[Collected data]
━━━━━━
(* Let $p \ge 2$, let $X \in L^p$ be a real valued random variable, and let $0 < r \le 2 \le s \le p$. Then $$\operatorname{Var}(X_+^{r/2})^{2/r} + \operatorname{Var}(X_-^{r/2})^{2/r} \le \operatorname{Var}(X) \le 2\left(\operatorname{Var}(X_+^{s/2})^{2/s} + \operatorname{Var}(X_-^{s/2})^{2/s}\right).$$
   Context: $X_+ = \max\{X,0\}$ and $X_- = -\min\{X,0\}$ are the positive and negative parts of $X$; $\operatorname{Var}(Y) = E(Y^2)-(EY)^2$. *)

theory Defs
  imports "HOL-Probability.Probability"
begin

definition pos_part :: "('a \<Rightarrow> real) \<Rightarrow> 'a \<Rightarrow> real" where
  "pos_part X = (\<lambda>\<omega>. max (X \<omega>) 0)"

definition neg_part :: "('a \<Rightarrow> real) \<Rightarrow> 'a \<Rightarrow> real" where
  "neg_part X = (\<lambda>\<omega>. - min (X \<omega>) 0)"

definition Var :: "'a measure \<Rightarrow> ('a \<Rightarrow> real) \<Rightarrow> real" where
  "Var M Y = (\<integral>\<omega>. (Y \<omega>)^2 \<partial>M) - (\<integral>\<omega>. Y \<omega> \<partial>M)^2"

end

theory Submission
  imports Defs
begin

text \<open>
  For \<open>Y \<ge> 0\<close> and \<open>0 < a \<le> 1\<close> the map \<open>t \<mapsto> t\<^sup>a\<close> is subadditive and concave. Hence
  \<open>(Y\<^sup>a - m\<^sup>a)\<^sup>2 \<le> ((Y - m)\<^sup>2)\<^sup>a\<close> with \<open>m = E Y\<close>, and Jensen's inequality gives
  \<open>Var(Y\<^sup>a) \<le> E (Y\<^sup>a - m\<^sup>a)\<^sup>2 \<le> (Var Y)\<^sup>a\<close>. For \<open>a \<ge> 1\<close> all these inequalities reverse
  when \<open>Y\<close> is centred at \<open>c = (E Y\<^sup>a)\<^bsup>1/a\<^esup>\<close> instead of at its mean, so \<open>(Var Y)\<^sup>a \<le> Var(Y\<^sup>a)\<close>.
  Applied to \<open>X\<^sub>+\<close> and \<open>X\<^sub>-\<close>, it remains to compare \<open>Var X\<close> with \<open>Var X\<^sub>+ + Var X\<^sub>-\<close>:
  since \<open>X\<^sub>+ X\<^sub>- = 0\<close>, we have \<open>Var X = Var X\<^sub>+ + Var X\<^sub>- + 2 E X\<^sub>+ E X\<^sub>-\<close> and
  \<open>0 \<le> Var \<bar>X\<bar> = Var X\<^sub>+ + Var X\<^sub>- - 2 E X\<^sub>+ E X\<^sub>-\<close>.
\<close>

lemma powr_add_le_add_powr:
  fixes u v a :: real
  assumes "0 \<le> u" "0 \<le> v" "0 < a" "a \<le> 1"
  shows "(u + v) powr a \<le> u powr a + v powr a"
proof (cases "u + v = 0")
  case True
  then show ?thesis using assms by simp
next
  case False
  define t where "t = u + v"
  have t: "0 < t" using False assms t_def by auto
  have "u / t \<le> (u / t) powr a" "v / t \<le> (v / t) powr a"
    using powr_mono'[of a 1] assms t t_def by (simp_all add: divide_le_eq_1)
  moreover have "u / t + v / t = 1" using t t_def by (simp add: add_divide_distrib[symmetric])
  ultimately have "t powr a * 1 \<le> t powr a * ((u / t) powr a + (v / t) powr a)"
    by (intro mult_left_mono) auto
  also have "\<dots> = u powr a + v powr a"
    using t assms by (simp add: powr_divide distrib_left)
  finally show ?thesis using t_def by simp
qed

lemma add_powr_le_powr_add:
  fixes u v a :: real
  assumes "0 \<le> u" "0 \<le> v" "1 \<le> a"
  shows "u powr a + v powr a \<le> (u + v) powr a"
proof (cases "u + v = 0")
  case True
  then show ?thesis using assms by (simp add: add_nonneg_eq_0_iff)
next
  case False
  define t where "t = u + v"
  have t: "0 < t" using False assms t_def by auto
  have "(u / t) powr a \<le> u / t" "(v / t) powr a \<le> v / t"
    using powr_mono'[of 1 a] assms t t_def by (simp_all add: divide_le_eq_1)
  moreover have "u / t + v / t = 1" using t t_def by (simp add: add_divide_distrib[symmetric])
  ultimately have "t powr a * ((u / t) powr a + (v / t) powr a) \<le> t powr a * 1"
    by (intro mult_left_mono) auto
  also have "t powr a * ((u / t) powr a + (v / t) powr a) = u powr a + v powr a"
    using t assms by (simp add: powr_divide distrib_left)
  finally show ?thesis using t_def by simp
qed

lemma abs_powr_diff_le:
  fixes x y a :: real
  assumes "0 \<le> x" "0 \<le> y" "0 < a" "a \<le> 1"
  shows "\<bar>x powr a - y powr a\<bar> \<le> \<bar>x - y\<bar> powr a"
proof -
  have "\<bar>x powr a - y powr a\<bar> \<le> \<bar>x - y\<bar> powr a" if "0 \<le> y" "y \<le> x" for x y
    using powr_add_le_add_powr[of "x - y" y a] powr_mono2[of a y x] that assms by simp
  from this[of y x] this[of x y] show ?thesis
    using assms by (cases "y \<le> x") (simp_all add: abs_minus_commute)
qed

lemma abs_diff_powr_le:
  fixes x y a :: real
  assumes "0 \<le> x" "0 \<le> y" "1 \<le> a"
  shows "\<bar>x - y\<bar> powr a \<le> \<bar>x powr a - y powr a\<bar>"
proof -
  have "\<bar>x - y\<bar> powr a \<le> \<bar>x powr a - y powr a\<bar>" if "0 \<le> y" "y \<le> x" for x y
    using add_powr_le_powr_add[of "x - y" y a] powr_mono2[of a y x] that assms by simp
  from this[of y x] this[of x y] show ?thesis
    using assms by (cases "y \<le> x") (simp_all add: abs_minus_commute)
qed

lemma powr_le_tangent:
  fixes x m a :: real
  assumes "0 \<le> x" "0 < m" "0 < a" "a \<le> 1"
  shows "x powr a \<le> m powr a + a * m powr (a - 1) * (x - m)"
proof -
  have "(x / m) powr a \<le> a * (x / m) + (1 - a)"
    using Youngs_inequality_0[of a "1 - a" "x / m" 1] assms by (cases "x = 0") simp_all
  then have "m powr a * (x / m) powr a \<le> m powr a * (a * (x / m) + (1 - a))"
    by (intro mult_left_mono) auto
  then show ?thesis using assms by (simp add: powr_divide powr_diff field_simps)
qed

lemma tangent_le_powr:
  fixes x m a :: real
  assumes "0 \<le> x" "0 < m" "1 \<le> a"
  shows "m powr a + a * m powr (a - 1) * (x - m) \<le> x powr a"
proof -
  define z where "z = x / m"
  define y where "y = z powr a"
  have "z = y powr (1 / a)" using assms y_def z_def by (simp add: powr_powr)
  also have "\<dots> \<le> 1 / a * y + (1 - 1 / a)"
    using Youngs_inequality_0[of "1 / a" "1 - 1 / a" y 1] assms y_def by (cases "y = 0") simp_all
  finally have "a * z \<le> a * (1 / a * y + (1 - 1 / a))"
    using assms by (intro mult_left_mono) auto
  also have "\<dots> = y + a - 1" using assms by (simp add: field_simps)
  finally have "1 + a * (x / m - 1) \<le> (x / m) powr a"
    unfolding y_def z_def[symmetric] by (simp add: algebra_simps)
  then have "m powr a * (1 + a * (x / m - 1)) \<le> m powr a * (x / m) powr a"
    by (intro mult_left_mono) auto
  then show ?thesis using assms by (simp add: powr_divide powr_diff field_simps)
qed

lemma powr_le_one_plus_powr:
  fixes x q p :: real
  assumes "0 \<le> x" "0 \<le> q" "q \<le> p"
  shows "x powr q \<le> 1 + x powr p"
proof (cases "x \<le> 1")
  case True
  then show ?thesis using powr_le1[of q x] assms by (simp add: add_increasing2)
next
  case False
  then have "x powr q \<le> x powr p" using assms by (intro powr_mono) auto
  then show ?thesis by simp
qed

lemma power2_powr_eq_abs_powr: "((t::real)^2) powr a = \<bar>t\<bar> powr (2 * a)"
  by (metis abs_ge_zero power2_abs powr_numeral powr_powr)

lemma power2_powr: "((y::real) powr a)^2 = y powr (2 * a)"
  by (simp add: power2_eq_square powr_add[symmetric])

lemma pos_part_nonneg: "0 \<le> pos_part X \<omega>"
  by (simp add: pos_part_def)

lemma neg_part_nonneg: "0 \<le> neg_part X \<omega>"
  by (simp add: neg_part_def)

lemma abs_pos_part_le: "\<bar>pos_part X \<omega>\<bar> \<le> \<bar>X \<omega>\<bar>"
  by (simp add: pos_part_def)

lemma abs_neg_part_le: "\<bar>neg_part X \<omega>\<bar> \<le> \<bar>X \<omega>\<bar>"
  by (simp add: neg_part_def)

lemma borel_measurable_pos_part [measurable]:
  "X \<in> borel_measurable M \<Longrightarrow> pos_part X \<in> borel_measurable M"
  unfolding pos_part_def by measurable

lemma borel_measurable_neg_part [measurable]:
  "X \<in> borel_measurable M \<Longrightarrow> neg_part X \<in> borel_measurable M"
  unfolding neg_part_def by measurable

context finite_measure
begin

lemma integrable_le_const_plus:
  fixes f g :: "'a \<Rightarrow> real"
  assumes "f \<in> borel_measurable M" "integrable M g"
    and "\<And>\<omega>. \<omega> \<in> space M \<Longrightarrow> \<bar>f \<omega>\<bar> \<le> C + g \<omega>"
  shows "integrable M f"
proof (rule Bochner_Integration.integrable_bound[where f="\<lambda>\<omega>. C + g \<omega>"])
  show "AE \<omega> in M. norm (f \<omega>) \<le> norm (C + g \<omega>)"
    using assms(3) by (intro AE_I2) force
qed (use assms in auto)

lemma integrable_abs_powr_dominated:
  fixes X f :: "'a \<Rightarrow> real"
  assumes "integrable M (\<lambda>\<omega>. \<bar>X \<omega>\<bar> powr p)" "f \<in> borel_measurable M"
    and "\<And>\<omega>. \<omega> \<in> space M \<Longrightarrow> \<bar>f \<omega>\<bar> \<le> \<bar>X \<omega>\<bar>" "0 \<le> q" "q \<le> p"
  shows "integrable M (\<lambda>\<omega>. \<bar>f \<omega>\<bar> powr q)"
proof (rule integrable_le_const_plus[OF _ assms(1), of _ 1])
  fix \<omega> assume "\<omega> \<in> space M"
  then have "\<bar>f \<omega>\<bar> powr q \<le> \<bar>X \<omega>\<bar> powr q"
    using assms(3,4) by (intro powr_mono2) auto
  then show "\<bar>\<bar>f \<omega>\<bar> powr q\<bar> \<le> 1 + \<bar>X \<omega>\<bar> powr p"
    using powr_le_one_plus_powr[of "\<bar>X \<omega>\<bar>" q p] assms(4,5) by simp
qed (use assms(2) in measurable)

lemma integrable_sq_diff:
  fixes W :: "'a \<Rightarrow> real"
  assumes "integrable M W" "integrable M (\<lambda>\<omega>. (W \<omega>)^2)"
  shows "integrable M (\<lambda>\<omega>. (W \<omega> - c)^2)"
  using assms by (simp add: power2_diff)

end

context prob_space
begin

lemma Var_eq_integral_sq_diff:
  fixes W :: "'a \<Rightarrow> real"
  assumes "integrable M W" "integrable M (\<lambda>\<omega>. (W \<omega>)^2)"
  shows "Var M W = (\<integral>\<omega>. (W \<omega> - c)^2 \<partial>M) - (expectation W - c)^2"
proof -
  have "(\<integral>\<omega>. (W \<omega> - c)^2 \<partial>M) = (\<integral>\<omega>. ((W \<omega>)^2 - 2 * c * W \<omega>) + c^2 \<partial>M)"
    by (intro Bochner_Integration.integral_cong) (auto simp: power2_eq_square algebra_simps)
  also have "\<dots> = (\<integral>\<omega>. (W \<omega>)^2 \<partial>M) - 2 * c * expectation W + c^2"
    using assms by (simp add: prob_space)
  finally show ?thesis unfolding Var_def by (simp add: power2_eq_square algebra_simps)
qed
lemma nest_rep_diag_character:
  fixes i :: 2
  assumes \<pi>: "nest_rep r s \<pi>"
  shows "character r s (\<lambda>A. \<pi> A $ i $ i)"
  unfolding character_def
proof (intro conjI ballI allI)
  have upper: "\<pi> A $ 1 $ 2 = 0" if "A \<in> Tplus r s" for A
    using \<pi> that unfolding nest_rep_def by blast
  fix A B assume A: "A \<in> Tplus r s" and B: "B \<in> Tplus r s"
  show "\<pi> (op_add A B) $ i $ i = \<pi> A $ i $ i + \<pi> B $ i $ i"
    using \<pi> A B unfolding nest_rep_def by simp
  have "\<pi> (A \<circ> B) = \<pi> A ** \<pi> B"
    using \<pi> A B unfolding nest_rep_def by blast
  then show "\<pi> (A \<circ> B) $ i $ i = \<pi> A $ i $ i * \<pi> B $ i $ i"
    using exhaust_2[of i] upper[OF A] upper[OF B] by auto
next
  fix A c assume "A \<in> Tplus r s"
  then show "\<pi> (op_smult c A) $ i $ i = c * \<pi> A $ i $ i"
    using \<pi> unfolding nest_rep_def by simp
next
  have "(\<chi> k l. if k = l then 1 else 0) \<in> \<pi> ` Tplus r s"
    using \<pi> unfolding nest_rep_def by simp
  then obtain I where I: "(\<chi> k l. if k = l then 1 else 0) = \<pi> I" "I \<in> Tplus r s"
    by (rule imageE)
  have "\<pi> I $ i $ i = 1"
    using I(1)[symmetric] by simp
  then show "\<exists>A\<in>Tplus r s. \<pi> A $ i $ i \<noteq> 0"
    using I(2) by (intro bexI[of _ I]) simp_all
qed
━━━━━━
TRY IT
The line above containing "theory Defs", the line containing "since \<open>X\<^sub>+ X\<^sub>- = 0\<close>, we", and every line between them are to be transcribed exactly; no other line is wanted.

EXERCISE ANSWER
theory Defs
  imports "HOL-Probability.Probability"
begin

definition pos_part :: "('a \<Rightarrow> real) \<Rightarrow> 'a \<Rightarrow> real" where
  "pos_part X = (\<lambda>\<omega>. max (X \<omega>) 0)"

definition neg_part :: "('a \<Rightarrow> real) \<Rightarrow> 'a \<Rightarrow> real" where
  "neg_part X = (\<lambda>\<omega>. - min (X \<omega>) 0)"

definition Var :: "'a measure \<Rightarrow> ('a \<Rightarrow> real) \<Rightarrow> real" where
  "Var M Y = (\<integral>\<omega>. (Y \<omega>)^2 \<partial>M) - (\<integral>\<omega>. Y \<omega> \<partial>M)^2"

end

theory Submission
  imports Defs
begin

text \<open>
  For \<open>Y \<ge> 0\<close> and \<open>0 < a \<le> 1\<close> the map \<open>t \<mapsto> t\<^sup>a\<close> is subadditive and concave. Hence
  \<open>(Y\<^sup>a - m\<^sup>a)\<^sup>2 \<le> ((Y - m)\<^sup>2)\<^sup>a\<close> with \<open>m = E Y\<close>, and Jensen's inequality gives
  \<open>Var(Y\<^sup>a) \<le> E (Y\<^sup>a - m\<^sup>a)\<^sup>2 \<le> (Var Y)\<^sup>a\<close>. For \<open>a \<ge> 1\<close> all these inequalities reverse
  when \<open>Y\<close> is centred at \<open>c = (E Y\<^sup>a)\<^bsup>1/a\<^esup>\<close> instead of at its mean, so \<open>(Var Y)\<^sup>a \<le> Var(Y\<^sup>a)\<close>.
  Applied to \<open>X\<^sub>+\<close> and \<open>X\<^sub>-\<close>, it remains to compare \<open>Var X\<close> with \<open>Var X\<^sub>+ + Var X\<^sub>-\<close>:
  since \<open>X\<^sub>+ X\<^sub>- = 0\<close>, we have \<open>Var X = Var X\<^sub>+ + Var X\<^sub>- + 2 E X\<^sub>+ E X\<^sub>-\<close> and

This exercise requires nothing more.